Has the defendant been enriched?
It is for C to prove, on the balance of probabilities, that D has been enriched. C has failed to discharge that burden. It is not enough to argue that D lived “the high life” in Marbella on the proceeds of RWW’s fraudulent activities. The C has produced no evidence that the £60,000, on leaving D’s accounts, then went back to D eventually, via a series of transactions designed to prevent the money being traced.
Was the enrichment at the expense of the claimant?
Had I found unjust enrichment, I would have found that it was at the expense of the C for what amounted to £50,000 of the £60,000 at the time that the money was transferred to D’s account because C has only proved that it paid £50,000 to D’s account, not the remaining £10,000.
Was the enrichment unjust?
I return to Dargamo for assistance on this aspect of the case and note that the C must identify the unjust factor and that an example of such a factor is given as lack of consideration. In this case, C appears to have transferred the money to D’s account so that RWW would set up a bond for him. There is no evidence before me that RWW did any work at all in setting up such a bond. Given my findings that it was RWW who agreed to set up the bond for C, the evidence before me indicates that there was a lack of consideration on the part of RWW as he was unable to produce important evidence such as the prospectus which he said he had started preparing in relation to the bond.

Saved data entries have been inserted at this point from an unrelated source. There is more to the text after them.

lemma holomorphic_n_identity:
  fixes f :: "complex ^ 'n \<Rightarrow> complex"
  assumes "holomorphic_n f U" "open W" "connected W" "W \<subseteq> U"
    and "0 < r" "ball p r \<subseteq> W" "\<And>w. w \<in> ball p r \<Longrightarrow> f w = 0"
    and "z \<in> W"
  shows "f z = 0"
proof -
  define Z where "Z = W \<inter> interior {w. f w = 0}"
  have "open Z" using assms(2) by (simp add: Z_def open_Int)
  have "open (W - Z)"
    unfolding open_contains_ball
  proof
    fix x assume x: "x \<in> W - Z"
    obtain e where "0 < e" "ball x e \<subseteq> W" using assms(2) x open_contains_ball by blast
    have "ball x e \<inter> Z = {}"
    proof (rule ccontr)
      assume "ball x e \<inter> Z \<noteq> {}"
      then obtain q s where "q \<in> ball x e" "0 < s" "ball q s \<subseteq> {w. f w = 0}"
        by (auto simp: Z_def mem_interior)
      have "f w = 0" if "w \<in> ball x e" for w
        by (rule holomorphic_n_vanishing_spreads_in_ball[OF assms(1) _ \<open>q \<in> ball x e\<close> \<open>0 < s\<close> _ that])
          (use \<open>ball x e \<subseteq> W\<close> assms(4) \<open>ball q s \<subseteq> {w. f w = 0}\<close> in auto)
      then have "x \<in> interior {w. f w = 0}"
        using \<open>0 < e\<close> mem_interior by blast
      with x show False by (simp add: Z_def)
    qed
    then show "\<exists>e>0. ball x e \<subseteq> W - Z" using \<open>0 < e\<close> \<open>ball x e \<subseteq> W\<close> by blast
  qed
  have "p \<in> interior {w. f w = 0}" using assms(5,7) mem_interior by blast
  moreover have "p \<in> W" using assms(5,6) by auto
  ultimately have "Z \<inter> W \<noteq> {}" by (auto simp: Z_def)
  moreover have "Z \<inter> W = {} \<or> (W - Z) \<inter> W = {}"
    by (rule connectedD[OF assms(3) \<open>open Z\<close> \<open>open (W - Z)\<close>]) auto
  ultimately have "z \<in> interior {w. f w = 0}" using assms(8) by (auto simp: Z_def)
  then show ?thesis using interior_subset by blast
qed

section \<open>Vanishing on the closed orthant\<close>

lemma convex_closed_orthant: "convex closed_orthant"
  unfolding convex_def closed_orthant_def by (auto intro!: add_nonneg_nonneg mult_nonneg_nonneg)

lemma closed_orthant_subset_connected_component:
  assumes "closed_orthant \<subseteq> U"
  shows "closed_orthant \<subseteq> connected_component_set U 0"
  using assms convex_connected[OF convex_closed_orthant]
  by (intro connected_component_maximal) (auto simp: closed_orthant_def)

lemma ball_subset_closed_orthant: "ball (\<chi> i. 1) 1 \<subseteq> closed_orthant"
proof
  fix w :: "complex ^ 'n" assume "w \<in> ball (\<chi> i. 1) 1"
  then have "norm ((w - (\<chi> i. 1)) $ i) < 1" for i
    using Finite_Cartesian_Product.norm_nth_le[of "w - (\<chi> i. 1)" i]
    by (simp add: dist_norm norm_minus_commute)
  then have near_1: "norm (w $ i - 1) < 1" for i by simp
  have "\<bar>Re (w $ i - 1)\<bar> < 1" for i
    using abs_Re_le_cmod[of "w $ i - 1"] near_1[of i] by linarith
  then show "w \<in> closed_orthant" by (auto simp: closed_orthant_def abs_less_iff less_imp_le)
qed

text \<open>Interpolates between no condition (\<open>A = {}\<close>) and membership in \<open>dominant_weights\<close>
  (\<open>A = UNIV\<close>).\<close>
definition dominant_on :: "'n::{finite,linorder} set \<Rightarrow> (complex, 'n) vec \<Rightarrow> bool" where
  "dominant_on A z \<longleftrightarrow>
     (\<exists>k::'n \<Rightarrow> nat. (\<forall>i\<in>A. z $ i = of_nat (k i)) \<and> (\<forall>i\<in>A. \<forall>j\<in>A. i \<le> j \<longrightarrow> k j \<le> k i))"

lemma dominant_on_UNIV_imp_dominant_weight:
  assumes "dominant_on UNIV z"
  shows "z \<in> dominant_weights"
proof -
  obtain k where "\<And>i. z $ i = of_nat (k i)" "\<And>i j. i \<le> j \<Longrightarrow> k j \<le> k i"
    using assms by (auto simp: dominant_on_def)
  then have "z = (\<chi> i. of_nat ((\<chi> i. k i) $ i))" "\<forall>i j. i \<le> j \<longrightarrow> (\<chi> i. k i) $ j \<le> (\<chi> i. k i) $ i"
    by (simp_all add: vec_eq_iff)
  then show ?thesis unfolding dominant_weights_def by blast
qed
lemma unitary_mat_mult:
  assumes A: "unitary_mat n A" and B: "unitary_mat n B"
  shows "unitary_mat n (A * B)"
proof -
  have [simp]: "A \<in> carrier_mat n n" "B \<in> carrier_mat n n"
      "mat_adjoint A \<in> carrier_mat n n" "mat_adjoint B \<in> carrier_mat n n"
    and AA: "mat_adjoint A * A = 1\<^sub>m n" "A * mat_adjoint A = 1\<^sub>m n"
    and BB: "mat_adjoint B * B = 1\<^sub>m n" "B * mat_adjoint B = 1\<^sub>m n"
    using A B unfolding unitary_mat_def by auto
  have "mat_adjoint (A * B) * (A * B) = mat_adjoint B * ((mat_adjoint A * A) * B)"
    by (simp add: mat_adjoint_mult[of _ n n _ n] assoc_mult_mat[of _ n n _ n _ n] mult_carrier_mat[of _ n n])
  moreover have "(A * B) * mat_adjoint (A * B) = A * ((B * mat_adjoint B) * mat_adjoint A)"
    by (simp add: mat_adjoint_mult[of _ n n _ n] assoc_mult_mat[of _ n n _ n _ n] mult_carrier_mat[of _ n n])
  ultimately show ?thesis
    unfolding unitary_mat_def by (simp add: AA BB mult_carrier_mat[of _ n n] left_mult_one_mat[of _ n n])
qed

lemma unitary_similar_mult:
  assumes U: "unitary_mat n U" and "A \<in> carrier_mat n n" "B \<in> carrier_mat n n"
  shows "(mat_adjoint U * A * U) * (mat_adjoint U * B * U) = mat_adjoint U * (A * B) * U"
proof -
  have [simp]: "U \<in> carrier_mat n n" "mat_adjoint U \<in> carrier_mat n n"
    and UU: "U * mat_adjoint U = 1\<^sub>m n"
    using U assms unfolding unitary_mat_def by auto
  have "(mat_adjoint U * A * U) * (mat_adjoint U * B * U) = mat_adjoint U * (A * ((U * mat_adjoint U) * (B * U)))"
    using assms by (simp add: assoc_mult_mat[of _ n n _ n _ n] mult_carrier_mat[of _ n n])
  then show ?thesis using assms by (simp add: UU assoc_mult_mat[of _ n n _ n _ n] mult_carrier_mat[of _ n n])
qed

lemma unitary_similar_anticommute:
  assumes U: "unitary_mat n U" and A: "A \<in> carrier_mat n n" and B: "B \<in> carrier_mat n n"
    and anti: "A * B = - (B * A)"
  shows "(mat_adjoint U * A * U) * (mat_adjoint U * B * U) = - ((mat_adjoint U * B * U) * (mat_adjoint U * A * U))"
proof -
  have [simp]: "mat_adjoint U \<in> carrier_mat n n" "U \<in> carrier_mat n n"
    using U unfolding unitary_mat_def by auto
  have "mat_adjoint U * - (B * A) * U = - (mat_adjoint U * (B * A) * U)"
    using carrier_matD[OF A] carrier_matD[OF B] carrier_matD[OF \<open>U \<in> carrier_mat n n\<close>] by simp
  then show ?thesis
    using anti U A B by (simp add: unitary_similar_mult)
qed

lemma unitary_mat_col_unit:
  assumes U: "unitary_mat n U" and k: "k < n" and Ukk: "U $$ (k,k) = 1" and l: "l < n"
  shows "U $$ (l,k) = (if l = k then 1 else 0)"
proof -
  have Uc: "U \<in> carrier_mat n n" and UU: "mat_adjoint U * U = 1\<^sub>m n"
    using U unfolding unitary_mat_def by auto
  have "complex_of_real (\<Sum>j<n. (cmod (U $$ (j,k)))\<^sup>2) = (\<Sum>j<n. cnj (U $$ (j,k)) * U $$ (j,k))"
    by (simp only: of_real_sum complex_norm_square mult.commute)
  also have "\<dots> = (mat_adjoint U * U) $$ (k,k)"
    using Uc k by (simp del: index_mult_mat add: index_mult_mat_sum[of _ n n _ n])
  also have "\<dots> = 1" using UU k by simp
  finally have "(\<Sum>j<n. (cmod (U $$ (j,k)))\<^sup>2) = 1"
    by (metis of_real_eq_1_iff)
  moreover have "(\<Sum>j<n. (cmod (U $$ (j,k)))\<^sup>2) = 1 + (\<Sum>j\<in>{..<n}-{k}. (cmod (U $$ (j,k)))\<^sup>2)"
    using k Ukk by (simp add: sum.remove)
  ultimately have "\<forall>j\<in>{..<n}-{k}. (cmod (U $$ (j,k)))\<^sup>2 = 0"
    by (simp add: sum_nonneg_eq_0_iff)
  then show ?thesis using l Ukk by auto
qed

lemma unitary_mat_row_of_unit_col:
  assumes U: "unitary_mat n U" and m: "m < n" and k: "k < n"
    and col: "\<And>j. j < n \<Longrightarrow> U $$ (j,k) = (if j = m then 1 else 0)" and i: "i < n"
  shows "U $$ (m,i) = (if i = k then 1 else 0)"
proof -
  have Uc: "U \<in> carrier_mat n n" and UU: "mat_adjoint U * U = 1\<^sub>m n"
    using U unfolding unitary_mat_def by auto
  have "cnj (U $$ (m,i)) = (mat_adjoint U * U) $$ (i,k)"
    using index_mult_mat_unit_col[of "mat_adjoint U" n n U n i k m] Uc m k col i by simp
  also have "\<dots> = (if i = k then 1 else 0)" using UU i k by simp
  finally show ?thesis by (metis complex_cnj_cnj complex_cnj_one complex_cnj_zero)
qed

lemma unitary_similar_diagonal_col:
  assumes U: "unitary_mat n U" and m: "m < n" and k: "k < n"
    and col: "\<And>j. j < n \<Longrightarrow> U $$ (j,k) = (if j = m then 1 else 0)"
    and D: "D \<in> carrier_mat n n" "diagonal_mat D" and i: "i < n"
  shows "(mat_adjoint U * D * U) $$ (i,k) = (if i = k then D $$ (m,m) else 0)"
proof -
  have Uc: "U \<in> carrier_mat n n"
    using U unfolding unitary_mat_def by auto
  have "(mat_adjoint U * D * U) $$ (i,k) = (mat_adjoint U * D) $$ (i,m)"
    using Uc D i k m col by (intro index_mult_mat_unit_col[of _ n n]) auto
  also have "\<dots> = (\<Sum>j<n. cnj (U $$ (j,i)) * D $$ (j,m))"
    using Uc D i m by (simp del: index_mult_mat add: index_mult_mat_sum[of _ n n _ n])
  also have "\<dots> = cnj (U $$ (m,i)) * D $$ (m,m)"
    using D m by (intro sum_eq_single) (auto simp: diagonal_mat_def)
  also have "\<dots> = (if i = k then D $$ (m,m) else 0)"
    using unitary_mat_row_of_unit_col[OF U m k col i] by simp
  finally show ?thesis .
qed

lemma mat_adjoint_swaprows_mat:
  "mat_adjoint (swaprows_mat n k l :: complex mat) = swaprows_mat n k l"
  by (rule eq_matI) auto

lemma unitary_swaprows_mat:
  assumes "k < n" "l < n"
  shows "unitary_mat n (swaprows_mat n k l)"
  using assms unfolding unitary_mat_def mat_adjoint_swaprows_mat by (simp add: swaprows_mat_inv)

lemma swap_perm_mat_eq_swaprows_mat: "swap_perm_mat n m = swaprows_mat n 0 m"
  by (rule eq_matI) (auto simp: swap_perm_mat_def)

lemma unitary_swap_perm_mat: "m < n \<Longrightarrow> unitary_mat n (swap_perm_mat n m)"
  unfolding swap_perm_mat_eq_swaprows_mat by (rule unitary_swaprows_mat) auto

lemma swap_perm_mat_mult_first_col:
  assumes V: "unitary_mat n V" "V $$ (0,0) = 1" and m: "m < n" and j: "j < n"
  shows "(swap_perm_mat n m * V) $$ (j,0) = (if j = m then 1 else 0)"
proof -
  have "(swap_perm_mat n m * V) $$ (j,0) = swap_perm_mat n m $$ (j,0)"
    using V m j unitary_mat_col_unit[OF V(1) _ V(2)]
    by (intro index_mult_mat_unit_col[of _ n n]) (auto simp: unitary_mat_def swap_perm_mat_def)
  then show ?thesis
    unfolding swap_perm_mat_eq_swaprows_mat using m j by auto
qed

lemma chiral_op_carrier: "chiral_op n \<in> carrier_mat n n"
  by (simp add: chiral_op_def)

lemma index_chiral_op [simp]:
  "i < n \<Longrightarrow> j < n \<Longrightarrow> chiral_op n $$ (i,j) = (if i = j then (if even i then 1 else -1) else 0)"
  by (simp add: chiral_op_def)

lemma diagonal_chiral_op: "diagonal_mat (chiral_op n)"
  by (simp add: diagonal_mat_def chiral_op_def)

lemma mat_adjoint_chiral_op: "mat_adjoint (chiral_op n) = chiral_op n"
  by (rule eq_matI) (auto simp: chiral_op_def)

However, RWW is not the defendant in this case so I can go no further than that. What I can say is that there was no lack of consideration on the part of D as he was not involved in the bond.
Are there any defences available to the defendant?
This is irrelevant as C has failed to discharge its burden. D was not enriched and he was not involved with the bond. He has, however, through his complete disregard for his son’s actions indirectly supported his son in his fraudulent activities.
Conclusion
Accordingly, I have no alternative but to dismiss C’s claim.